WHAT THE TASK REQUIRES: Every line of the material is to be duplicated precisely.

INFORMATION PROVIDED:
===============

lemma half_block_two_rows:
  fixes a :: "'m::finite \<Rightarrow> 'k::finite \<Rightarrow> real"
  assumes unit: "\<And>r j. a r j \<noteq> 0 \<Longrightarrow> a r j = 1 \<or> a r j = -1"
    and "i \<noteq> j"
    and T: "\<And>t. t \<in> T \<Longrightarrow> a i t \<noteq> 0 \<and> a j t \<noteq> 0"
    and S: "\<And>w. w \<in> S \<Longrightarrow> col_support a w = {i}"
    and q: "col_support a q = {j}"
    and sizes: "3 \<le> card T \<and> 1 \<le> card S \<or> card T = 2 \<and> 2 \<le> card S \<or> card T = 1 \<and> 3 \<le> card S"
  shows "half_block a (T \<union> (S \<union> {q})) {i, j}"
  unfolding half_block_def
proof
  fix c
  have S': "a i w \<noteq> 0" "a j w = 0" if "w \<in> S" for w
    using S[OF that] \<open>i \<noteq> j\<close> by (auto simp: col_support_eq_singleton_iff)
  have q': "a j q \<noteq> 0" "a i q = 0"
    using q \<open>i \<noteq> j\<close> by (auto simp: col_support_eq_singleton_iff)
  have distinct: "T \<inter> S = {}" "q \<notin> T" "q \<notin> S"
    using T S' q' by fastforce+
  have "block_count a (T \<union> (S \<union> {q})) {i, j} c
      \<le> central_binom (Suc (card T + card S)) + central_binom (card T) * central_binom (Suc (card S))"
    using \<open>i \<noteq> j\<close> T S' q' distinct unit by (intro block_count_two_rows_le) auto
  then have "2 * block_count a (T \<union> (S \<union> {q})) {i, j} c
      \<le> 2 * (central_binom (Suc (card T + card S)) + central_binom (card T) * central_binom (Suc (card S)))"
    by (rule mult_le_mono2)
  also have "\<dots> \<le> 2 ^ (card T + card S + 1)"
    by (rule central_binom_two_rows_le[OF sizes])
  finally have "2 * block_count a (T \<union> (S \<union> {q})) {i, j} c \<le> 2 ^ (card T + card S + 1)" .
  moreover have "card (T \<union> (S \<union> {q})) = card T + card S + 1"
    using distinct by (simp add: card_Un_disjoint)
  ultimately show "2 * block_count a (T \<union> (S \<union> {q})) {i, j} c \<le> 2 ^ card (T \<union> (S \<union> {q}))"
    by simp
qed

section \<open>Matrices without such blocks\<close>

(* no_half_block is how the hypothesis t(L) > 2^(k-1) enters, via card_zero_one_solutions_le_half. *)
locale tight_matrix =
  fixes a :: "'m::finite \<Rightarrow> 'k::finite \<Rightarrow> real" and p :: "'m \<Rightarrow> 'k"
  assumes card_row_support: "\<And>i. 2 \<le> card (row_support a i)"
    and col_support_p: "\<And>i. col_support a (p i) = {i}"
    and col_support_nonempty: "\<And>v. col_support a v \<noteq> {}"
    and card_ge_8: "8 \<le> CARD('k)"
    and no_half_block: "\<And>D R. \<not> half_block a D R"
begin

lemma unit_entry: "a i j \<noteq> 0 \<Longrightarrow> a i j = 1 \<or> a i j = -1"
  using no_half_block half_block_non_unit_entry by fastforce

lemma cover_rows: "\<exists>i. v \<in> row_support a i"
  using col_support_nonempty[of v] by (auto simp: row_support_def col_support_def)

definition shared_columns :: "'k set" where
  "shared_columns = {v. 2 \<le> card (col_support a v)}"

lemma p_not_shared: "p i \<notin> shared_columns"
  by (simp add: shared_columns_def col_support_p)

lemma col_support_unshared:
  assumes "v \<notin> shared_columns" "i \<in> col_support a v"
  shows "col_support a v = {i}"
proof -
  have "card (col_support a v) \<le> 1"
    using assms(1) by (simp add: shared_columns_def)
  then show ?thesis
    using assms(2) card_le_Suc0_iff_eq[of "col_support a v"] by auto
qed

lemma disjoint_rows_central_binom_gt:
  assumes "shared_columns = {}" "R \<noteq> {}"
  shows "2 ^ (\<Sum>r\<in>R. card (row_support a r)) < 2 * (\<Prod>r\<in>R. central_binom (Suc (card (row_support a r))))"
proof -
  have vanish: "a r j = 0" if "s \<noteq> r" "j \<in> row_support a s" for r s j
    using col_support_unshared[of j s] that assms(1) by (auto simp: col_support_def row_support_def)
  then have "disjoint_family_on (row_support a) R"
    by (fastforce simp: disjoint_family_on_def row_support_def)
  then have "card (\<Union>r\<in>R. row_support a r) = (\<Sum>r\<in>R. card (row_support a r))"
    by (simp add: card_UN_disjoint disjoint_family_on_def)
  moreover have "block_count a (\<Union>r\<in>R. row_support a r) R c
      \<le> (\<Prod>r\<in>R. central_binom (Suc (card (row_support a r))))" for c
    using vanish unit_entry
    by (intro block_count_disjoint_rows_le[OF \<open>disjoint_family_on (row_support a) R\<close>])
      (auto simp: row_support_def)
  ultimately show ?thesis
    using no_half_block[of "\<Union>r\<in>R. row_support a r" R] unfolding half_block_def
    by (metis (no_types, lifting) dual_order.trans mult_le_mono2 not_le)
qed

lemma three_rows_if_no_shared_columns:
  assumes none: "shared_columns = {}"
  shows "\<exists>i j l :: 'm. i \<noteq> j \<and> i \<noteq> l \<and> j \<noteq> l"
proof (rule ccontr)
  assume "\<not> ?thesis"
  then obtain i j :: 'm where rows: "\<And>r. r = i \<or> r = j"
    by (metis (full_types))
  have "v \<in> row_support a i \<union> row_support a j" for v
  proof -
    obtain r where "v \<in> row_support a r"
      using cover_rows by blast
    then show ?thesis
      using rows[of r] by blast
  qed
  then have UNIV_eq: "UNIV = row_support a i \<union> row_support a j"
    by blast
  show False
  proof (cases "i = j")
    case True
    then show False
      using UNIV_eq disjoint_rows_central_binom_gt[OF none, of "{i}"] central_binom_quarter[of "Suc CARD('k)"] card_ge_8
      by simp
  next
    case False
    have "card (UNIV :: 'k set) \<le> card (row_support a i) + card (row_support a j)"
      unfolding UNIV_eq by (rule card_Un_le)
    then have "4 \<le> card (row_support a i) \<or> 4 \<le> card (row_support a j)"
      using card_ge_8 by linarith
    then show False
      using disjoint_rows_central_binom_gt[OF none, of "{i, j}"] False card_row_support
        central_binom_Suc_prod2_le[of "card (row_support a i)" "card (row_support a j)"]
        central_binom_Suc_prod2_le[of "card (row_support a j)" "card (row_support a i)"]
      by (auto simp: ac_simps)
  qed
qed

===============

REPLY TO THE TASK:
lemma half_block_two_rows:
  fixes a :: "'m::finite \<Rightarrow> 'k::finite \<Rightarrow> real"
  assumes unit: "\<And>r j. a r j \<noteq> 0 \<Longrightarrow> a r j = 1 \<or> a r j = -1"
    and "i \<noteq> j"
    and T: "\<And>t. t \<in> T \<Longrightarrow> a i t \<noteq> 0 \<and> a j t \<noteq> 0"
    and S: "\<And>w. w \<in> S \<Longrightarrow> col_support a w = {i}"
    and q: "col_support a q = {j}"
    and sizes: "3 \<le> card T \<and> 1 \<le> card S \<or> card T = 2 \<and> 2 \<le> card S \<or> card T = 1 \<and> 3 \<le> card S"
  shows "half_block a (T \<union> (S \<union> {q})) {i, j}"
  unfolding half_block_def
proof
  fix c
  have S': "a i w \<noteq> 0" "a j w = 0" if "w \<in> S" for w
    using S[OF that] \<open>i \<noteq> j\<close> by (auto simp: col_support_eq_singleton_iff)
  have q': "a j q \<noteq> 0" "a i q = 0"
    using q \<open>i \<noteq> j\<close> by (auto simp: col_support_eq_singleton_iff)
  have distinct: "T \<inter> S = {}" "q \<notin> T" "q \<notin> S"
    using T S' q' by fastforce+
  have "block_count a (T \<union> (S \<union> {q})) {i, j} c
      \<le> central_binom (Suc (card T + card S)) + central_binom (card T) * central_binom (Suc (card S))"
    using \<open>i \<noteq> j\<close> T S' q' distinct unit by (intro block_count_two_rows_le) auto
  then have "2 * block_count a (T \<union> (S \<union> {q})) {i, j} c
      \<le> 2 * (central_binom (Suc (card T + card S)) + central_binom (card T) * central_binom (Suc (card S)))"
    by (rule mult_le_mono2)
  also have "\<dots> \<le> 2 ^ (card T + card S + 1)"
    by (rule central_binom_two_rows_le[OF sizes])
  finally have "2 * block_count a (T \<union> (S \<union> {q})) {i, j} c \<le> 2 ^ (card T + card S + 1)" .
  moreover have "card (T \<union> (S \<union> {q})) = card T + card S + 1"
    using distinct by (simp add: card_Un_disjoint)
  ultimately show "2 * block_count a (T \<union> (S \<union> {q})) {i, j} c \<le> 2 ^ card (T \<union> (S \<union> {q}))"
    by simp
qed

section \<open>Matrices without such blocks\<close>

(* no_half_block is how the hypothesis t(L) > 2^(k-1) enters, via card_zero_one_solutions_le_half. *)
locale tight_matrix =
  fixes a :: "'m::finite \<Rightarrow> 'k::finite \<Rightarrow> real" and p :: "'m \<Rightarrow> 'k"
  assumes card_row_support: "\<And>i. 2 \<le> card (row_support a i)"
    and col_support_p: "\<And>i. col_support a (p i) = {i}"
    and col_support_nonempty: "\<And>v. col_support a v \<noteq> {}"
    and card_ge_8: "8 \<le> CARD('k)"
    and no_half_block: "\<And>D R. \<not> half_block a D R"
begin

lemma unit_entry: "a i j \<noteq> 0 \<Longrightarrow> a i j = 1 \<or> a i j = -1"
  using no_half_block half_block_non_unit_entry by fastforce

lemma cover_rows: "\<exists>i. v \<in> row_support a i"
  using col_support_nonempty[of v] by (auto simp: row_support_def col_support_def)

definition shared_columns :: "'k set" where
  "shared_columns = {v. 2 \<le> card (col_support a v)}"

lemma p_not_shared: "p i \<notin> shared_columns"
  by (simp add: shared_columns_def col_support_p)

lemma col_support_unshared:
  assumes "v \<notin> shared_columns" "i \<in> col_support a v"
  shows "col_support a v = {i}"
proof -
  have "card (col_support a v) \<le> 1"
    using assms(1) by (simp add: shared_columns_def)
  then show ?thesis
    using assms(2) card_le_Suc0_iff_eq[of "col_support a v"] by auto
qed

lemma disjoint_rows_central_binom_gt:
  assumes "shared_columns = {}" "R \<noteq> {}"
  shows "2 ^ (\<Sum>r\<in>R. card (row_support a r)) < 2 * (\<Prod>r\<in>R. central_binom (Suc (card (row_support a r))))"
proof -
  have vanish: "a r j = 0" if "s \<noteq> r" "j \<in> row_support a s" for r s j
    using col_support_unshared[of j s] that assms(1) by (auto simp: col_support_def row_support_def)
  then have "disjoint_family_on (row_support a) R"
    by (fastforce simp: disjoint_family_on_def row_support_def)
  then have "card (\<Union>r\<in>R. row_support a r) = (\<Sum>r\<in>R. card (row_support a r))"
    by (simp add: card_UN_disjoint disjoint_family_on_def)
  moreover have "block_count a (\<Union>r\<in>R. row_support a r) R c
      \<le> (\<Prod>r\<in>R. central_binom (Suc (card (row_support a r))))" for c
    using vanish unit_entry
    by (intro block_count_disjoint_rows_le[OF \<open>disjoint_family_on (row_support a) R\<close>])
      (auto simp: row_support_def)
  ultimately show ?thesis
    using no_half_block[of "\<Union>r\<in>R. row_support a r" R] unfolding half_block_def
    by (metis (no_types, lifting) dual_order.trans mult_le_mono2 not_le)
qed

lemma three_rows_if_no_shared_columns:
  assumes none: "shared_columns = {}"
  shows "\<exists>i j l :: 'm. i \<noteq> j \<and> i \<noteq> l \<and> j \<noteq> l"
proof (rule ccontr)
  assume "\<not> ?thesis"
  then obtain i j :: 'm where rows: "\<And>r. r = i \<or> r = j"
    by (metis (full_types))
  have "v \<in> row_support a i \<union> row_support a j" for v
  proof -
    obtain r where "v \<in> row_support a r"
      using cover_rows by blast
    then show ?thesis
      using rows[of r] by blast
  qed
  then have UNIV_eq: "UNIV = row_support a i \<union> row_support a j"
    by blast
  show False
  proof (cases "i = j")
    case True
    then show False
      using UNIV_eq disjoint_rows_central_binom_gt[OF none, of "{i}"] central_binom_quarter[of "Suc CARD('k)"] card_ge_8
      by simp
  next
    case False
    have "card (UNIV :: 'k set) \<le> card (row_support a i) + card (row_support a j)"
      unfolding UNIV_eq by (rule card_Un_le)
    then have "4 \<le> card (row_support a i) \<or> 4 \<le> card (row_support a j)"
      using card_ge_8 by linarith
    then show False
      using disjoint_rows_central_binom_gt[OF none, of "{i, j}"] False card_row_support
        central_binom_Suc_prod2_le[of "card (row_support a i)" "card (row_support a j)"]
        central_binom_Suc_prod2_le[of "card (row_support a j)" "card (row_support a i)"]
      by (auto simp: ac_simps)
  qed
qed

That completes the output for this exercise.